_Task to carry out_
Copying exactly, give the lines in the material below from the one with "fixes A B H" to the one with "Q matrix_mul_assoc H_inv)", ends included, and nothing besides.

[[ Task data, beginning ]]

lemma compact_svd_factors:
  fixes X Y U V :: "real^'r^'n"
  assumes "is_compact_svd (X ** transpose Y) U s V"
  shows "X = U ** (transpose U ** X)" and "Y = V ** (transpose V ** Y)"
    and "invertible (transpose U ** X)"
    and "(transpose U ** X) ** transpose (transpose V ** Y) = diag_mat s"
proof -
  from assms have U: "transpose U ** U = mat 1" and V: "transpose V ** V = mat 1"
    and s_pos: "\<And>i. s $ i > 0" and M: "X ** transpose Y = U ** diag_mat s ** transpose V"
    unfolding is_compact_svd_def by auto
  define S' where "S' = diag_mat (\<chi> i. inverse (s $ i))"
  have SS': "diag_mat s ** S' = mat 1"
    unfolding S'_def using s_pos by (simp add: diag_mat_mult_inverse less_imp_neq[symmetric])
  have "X ** (transpose Y ** V ** S') = (X ** transpose Y) ** V ** S'"
    by (simp add: matrix_mul_assoc)
  also have "\<dots> = U ** (diag_mat s ** (transpose V ** V) ** S')"
    by (simp add: M matrix_mul_assoc)
  finally have "X ** (transpose Y ** V ** S') = U" by (simp add: V SS')
  from factor_through_orthonormal_columns[OF this U]
  show "X = U ** (transpose U ** X)" and "invertible (transpose U ** X)" .
  have MT: "Y ** transpose X = V ** diag_mat s ** transpose U"
    using arg_cong[OF M, of transpose] by (simp add: matrix_transpose_mul matrix_mul_assoc)
  have "Y ** (transpose X ** U ** S') = (Y ** transpose X) ** U ** S'"
    by (simp add: matrix_mul_assoc)
  also have "\<dots> = V ** (diag_mat s ** (transpose U ** U) ** S')"
    by (simp add: MT matrix_mul_assoc)
  finally have "Y ** (transpose X ** U ** S') = V" by (simp add: U SS')
  from factor_through_orthonormal_columns(1)[OF this V]
  show "Y = V ** (transpose V ** Y)" .
  have "(transpose U ** X) ** transpose (transpose V ** Y) = transpose U ** (X ** transpose Y) ** V"
    by (simp add: matrix_transpose_mul matrix_mul_assoc)
  also have "\<dots> = (transpose U ** U) ** diag_mat s ** (transpose V ** V)"
    by (simp only: M matrix_mul_assoc)
  finally show "(transpose U ** X) ** transpose (transpose V ** Y) = diag_mat s"
    by (simp add: U V)
qed

lemma balanced_factorization:
  fixes A B H Q :: "real^'r^'r"
  assumes AB: "A ** transpose B = H ** H" and H_sym: "transpose H = H"
    and "invertible A" and "invertible H" and Q: "Q = matrix_inv H ** A"
  shows "A = H ** Q" and "B = H ** transpose (matrix_inv Q)" and "invertible Q"
proof -
  note A_inv = matrix_inv_cancel[OF \<open>invertible A\<close>] and H_inv = matrix_inv_cancel[OF \<open>invertible H\<close>]
  show "A = H ** Q" by (simp add: Q matrix_mul_assoc H_inv)
  have "Q ** (matrix_inv A ** H) = mat 1"
    by (simp add: Q matrix_mul_assoc) (simp add: matrix_mul_assoc[symmetric] A_inv H_inv)
  then have Q_inv: "matrix_inv Q = matrix_inv A ** H"
    by (rule matrix_inv_unique)
  then show "invertible Q"
    using \<open>Q ** (matrix_inv A ** H) = mat 1\<close> invertible_right_inverse by blast
  have "transpose B = matrix_inv A ** (A ** transpose B)"
    by (simp add: matrix_mul_assoc A_inv)
  also have "\<dots> = transpose (H ** transpose (matrix_inv Q))"
    by (simp add: AB Q_inv matrix_transpose_mul H_sym matrix_mul_assoc)
  finally show "B = H ** transpose (matrix_inv Q)"
    by (metis transpose_transpose)
qed

lemma gram_orthonormal_factor:
  fixes U :: "real^'r^'n" and H :: "real^'r^'r" and M :: "real^'c^'r"
  assumes "transpose U ** U = mat 1" and "transpose H = H"
  shows "transpose (U ** H ** M) ** (U ** H ** M) = transpose M ** (H ** H) ** M"
proof -
  have "transpose (U ** H ** M) ** (U ** H ** M) = transpose M ** transpose H ** (transpose U ** U) ** H ** M"
    by (simp only: matrix_transpose_mul) (simp add: matrix_mul_assoc)
  then show ?thesis by (simp add: assms matrix_mul_assoc)
qed

lemma compact_svd_balanced_factorization:
  fixes X Y U V :: "real^'r^'n"
  assumes svd: "is_compact_svd (X ** transpose Y) U s V"
  obtains Q where "invertible Q"
    and "X = U ** diag_mat (\<chi> i. sqrt (s $ i)) ** Q"
    and "Y = V ** diag_mat (\<chi> i. sqrt (s $ i)) ** transpose (matrix_inv Q)"
proof -
  from svd have s_pos: "\<And>i. s $ i > 0" unfolding is_compact_svd_def by auto
  define H where "H = diag_mat (\<chi> i. sqrt (s $ i))"
  define Q where "Q = matrix_inv H ** (transpose U ** X)"
  have HH: "H ** H = diag_mat s"
    using s_pos by (simp add: H_def diag_mat_sqrt_square less_imp_le)
  have H_sym: "transpose H = H" by (simp add: H_def)
  have "invertible H" unfolding H_def using s_pos by (rule invertible_diag_mat_sqrt)
  note factors = compact_svd_factors[OF svd]
  note balanced = balanced_factorization[OF factors(4)[folded HH] H_sym factors(3) \<open>invertible H\<close> Q_def]
  have "X = U ** H ** Q"
    using factors(1) by (simp only: balanced(1) matrix_mul_assoc)
  moreover have "Y = V ** H ** transpose (matrix_inv Q)"
    using factors(2) by (simp only: balanced(2) matrix_mul_assoc)
  ultimately show ?thesis
    using balanced(3) that unfolding H_def by blast
qed

theorem lemma20:
  fixes X Y :: "real^'r^'n" and U V :: "real^'r^'n" and s :: "real^'r"
  assumes rk: "rank (X ** transpose Y) = CARD('r)"
    and svd: "is_compact_svd (X ** transpose Y) U s V"
  shows "\<exists>Q :: real^'r^'r. invertible Q \<and>
           X = U ** diag_mat (\<chi> i. sqrt (s $ i)) ** Q \<and>
           Y = V ** diag_mat (\<chi> i. sqrt (s $ i)) ** transpose (matrix_inv Q) \<and>
           (\<forall>UQ sQ VQ. is_svd Q UQ sQ VQ \<longrightarrow>
              frob_norm (diag_mat sQ - diag_mat (\<chi> i. inverse (sQ $ i)))
                \<le> (1 / Min (range (\<lambda>i. s $ i))) *
                   frob_norm (transpose X ** X - transpose Y ** Y)) \<and>
           (transpose X ** X = transpose Y ** Y \<longrightarrow> orthogonal_matrix Q)"
proof -
  from svd have U: "transpose U ** U = mat 1" and V: "transpose V ** V = mat 1"
    and s_pos: "\<And>i. s $ i > 0"
    unfolding is_compact_svd_def by auto
  obtain Q where Q: "invertible Q"
    and X: "X = U ** diag_mat (\<chi> i. sqrt (s $ i)) ** Q"
    and Y: "Y = V ** diag_mat (\<chi> i. sqrt (s $ i)) ** transpose (matrix_inv Q)"
    using compact_svd_balanced_factorization[OF svd] .
  have HH: "diag_mat (\<chi> i. sqrt (s $ i)) ** diag_mat (\<chi> i. sqrt (s $ i)) = diag_mat s"
    using s_pos by (simp add: diag_mat_sqrt_square less_imp_le)
  have XtX: "transpose X ** X = transpose Q ** diag_mat s ** Q"
    unfolding X using U by (simp add: gram_orthonormal_factor HH)
  have YtY: "transpose Y ** Y = matrix_inv Q ** diag_mat s ** transpose (matrix_inv Q)"
    unfolding Y using V by (simp add: gram_orthonormal_factor HH)
  show ?thesis
    unfolding XtX YtY
  proof (intro exI[of _ Q] conjI allI impI)
  qed (fact Q X Y | erule svd_singular_value_deviation_le[OF Q s_pos]
        orthogonal_matrix_if_balanced_gram[OF Q s_pos])+
qed

end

[[ Task data, end ]]

_Answer to this exercise_
  fixes A B H Q :: "real^'r^'r"
  assumes AB: "A ** transpose B = H ** H" and H_sym: "transpose H = H"
    and "invertible A" and "invertible H" and Q: "Q = matrix_inv H ** A"
  shows "A = H ** Q" and "B = H ** transpose (matrix_inv Q)" and "invertible Q"
proof -
  note A_inv = matrix_inv_cancel[OF \<open>invertible A\<close>] and H_inv = matrix_inv_cancel[OF \<open>invertible H\<close>]
  show "A = H ** Q" by (simp add: Q matrix_mul_assoc H_inv)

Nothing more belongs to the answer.